Good karma, great vibe

It's sort of like a New York club, without the hassle.

September 09, 2004|Heidi Siegmund Cuda | Special to The Times

Adecade ago, there was no greater Hollywood dive than the Ski Room, the gritty bar at the corner of Sunset and Bronson. You could shoot a game of billiards at its lumpy pool table, knock back a shot of watered-down liquor and drop a quarter in its well-worn jukebox to hear Neil Diamond wail, "I am, I cried, I am, said I ...." Its cast of characters was straight out of "Barfly," and the place was so nappy that if you excavated it, you'd probably find Jimmy Hoffa's body.
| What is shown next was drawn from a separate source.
(* For all sr-expressions $e \in \mathcal{T}$, we have $L_\Sigma(e) = \llbracket e\rrbracket$.
   Context: Fix a finite alphabet $\Sigma$. The set $\mathcal{T}$ of series-rational expressions (sr-expressions) is generated by $e, f ::= 0 \mid 1 \mid \mathtt{a}\in\Sigma \mid e+f \mid e\cdot f \mid e\parallel f \mid e^*$. Their semantics $\llbracket -\rrbracket$ maps each expression to a set of series-parallel pomsets: $\llbracket 0\rrbracket=\emptyset$, $\llbracket 1\rrbracket=\{1\}$ (the empty pomset), $\llbracket \mathtt{a}\rrbracket=\{\mathtt{a}\}$, and $+,\cdot,\parallel,{}^*$ are interpreted as union, pointwise sequential composition, pointwise parallel composition and Kleene closure of pomset languages. $\mathcal{F}\subseteq\mathcal{T}$ is the smallest set with $1\in\mathcal{F}$; $e+f\in\mathcal{F}$ if $e\in\mathcal{F}$ or $f\in\mathcal{F}$; $e\cdot f, e\parallel f\in\mathcal{F}$ if $e,f\in\mathcal{F}$; and $e^*\in\mathcal{F}$ for all $e$. A pomset automaton (PA) is a tuple $\langle Q,F,\delta,\gamma\rangle$ with states $Q$, accepting states $F\subseteq Q$, $\delta: Q\times\Sigma\to 2^Q$ and $\gamma: Q\times\mathbb{M}(Q)\to 2^Q$ (where $\mathbb{M}(Q)$ is the set of finite multisets over $Q$), such that for each $q$ only finitely many $\phi$ have $\gamma(q,\phi)\neq\emptyset$. Its run relation $\rightarrow$ is the smallest relation with: $q\xrightarrow{1} q$; $q\xrightarrow{\mathtt{a}} q'$ if $q'\in\delta(q,\mathtt{a})$; $q\xrightarrow{U\cdot V}q'$ if $q\xrightarrow{U}q''\xrightarrow{V}q'$; and $q\xrightarrow{U_1\parallel\cdots\parallel U_n}q'$ if $q'\in\gamma(q,\{\!\{q_1,\dots,q_n\}\!\})$ and $q_i\xrightarrow{U_i}q_i'\in F$ for all $i$. The language of $q$ is $\{U : q\xrightarrow{U} q'\in F\}$. For $e\in\mathcal{T}$ and $T\subseteq\mathcal{T}$, let $e\star T = T$ if $e\in\mathcal{F}$ and $\emptyset$ otherwise, and let $T ; e$ denote the set $\{f\cdot e : f\in T\}$. The derivatives $\delta_\Sigma:\mathcal{T}\times\Sigma\to 2^{\mathcal{T}}$ and $\gamma_\Sigma:\mathcal{T}\times\mathbb{M}(\mathcal{T})\to 2^{\mathcal{T}}$ are defined by: $\delta_\Sigma(0,\mathtt a)=\delta_\Sigma(1,\mathtt a)=\emptyset$; $\delta_\Sigma(\mathtt b,\mathtt a)=\{1 : \mathtt a=\mathtt b\}$; $\delta_\Sigma(e+f,\mathtt a)=\delta_\Sigma(e,\mathtt a)\cup\delta_\Sigma(f,\mathtt a)$; $\delta_\Sigma(e\cdot f,\mathtt a)=\{g\cdot f : g\in\delta_\Sigma(e,\mathtt a)\}\cup e\star\delta_\Sigma(f,\mathtt a)$; $\delta_\Sigma(e\parallel f,\mathtt a)=\emptyset$; $\delta_\Sigma(e^*,\mathtt a)=\{g\cdot e^* : g\in\delta_\Sigma(e,\mathtt a)\}$; and $\gamma_\Sigma(0,\phi)=\gamma_\Sigma(1,\phi)=\gamma_\Sigma(\mathtt b,\phi)=\emptyset$; $\gamma_\Sigma(e+f,\phi)=\gamma_\Sigma(e,\phi)\cup\gamma_\Sigma(f,\phi)$; $\gamma_\Sigma(e\cdot f,\phi)=\{g\cdot f: g\in\gamma_\Sigma(e,\phi)\}\cup e\star\gamma_\Sigma(f,\phi)$; $\gamma_\Sigma(e\parallel f,\phi)=\{1 : \phi=\{\!\{e,f\}\!\}\}$; $\gamma_\Sigma(e^*,\phi)=\{g\cdot e^* : g\in\gamma_\Sigma(e,\phi)\}$. The syntactic PA is $A_\Sigma=\langle\mathcal{T},\mathcal{F},\delta_\Sigma,\gamma_\Sigma\rangle$, and $L_\Sigma(e)$ denotes the language of state $e$ in $A_\Sigma$. *)

theory Defs
  imports Main "HOL-Library.Multiset"
begin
Fast forward to 2004. The once-seedy spot is now a lovely new venue called the Bar -- a simple, elegant lounge attracting a crowd of fresh-faced club kids.

"Our plan was to create an intimate, very cool bar for people to go any day of the week," says Laurie Mulstay, a Bar co-owner, who met her partners while they were all working at Avalon. "We wanted a place with a New York vibe but without the ropes and the trendiness."

But it almost didn't happen.

To score the location, Mulstay and her partners, Sky Reiss (one of the people behind Las Palmas) and Ronnie Marino, had to jump through some hoops -- including getting their karma checked by a fortune teller from Thailand.

In recent years, the building had become home to Raji's, an offshoot of the famed Raji's nightclub that was destroyed in the 1994 Northridge earthquake. Raji's Thai owners had no desire to sell, so Reiss proposed a lease agreement that would enable him and his partners to remodel the place. The owners agreed only after Mulstay, Reiss and Marino passed muster with the family fortuneteller.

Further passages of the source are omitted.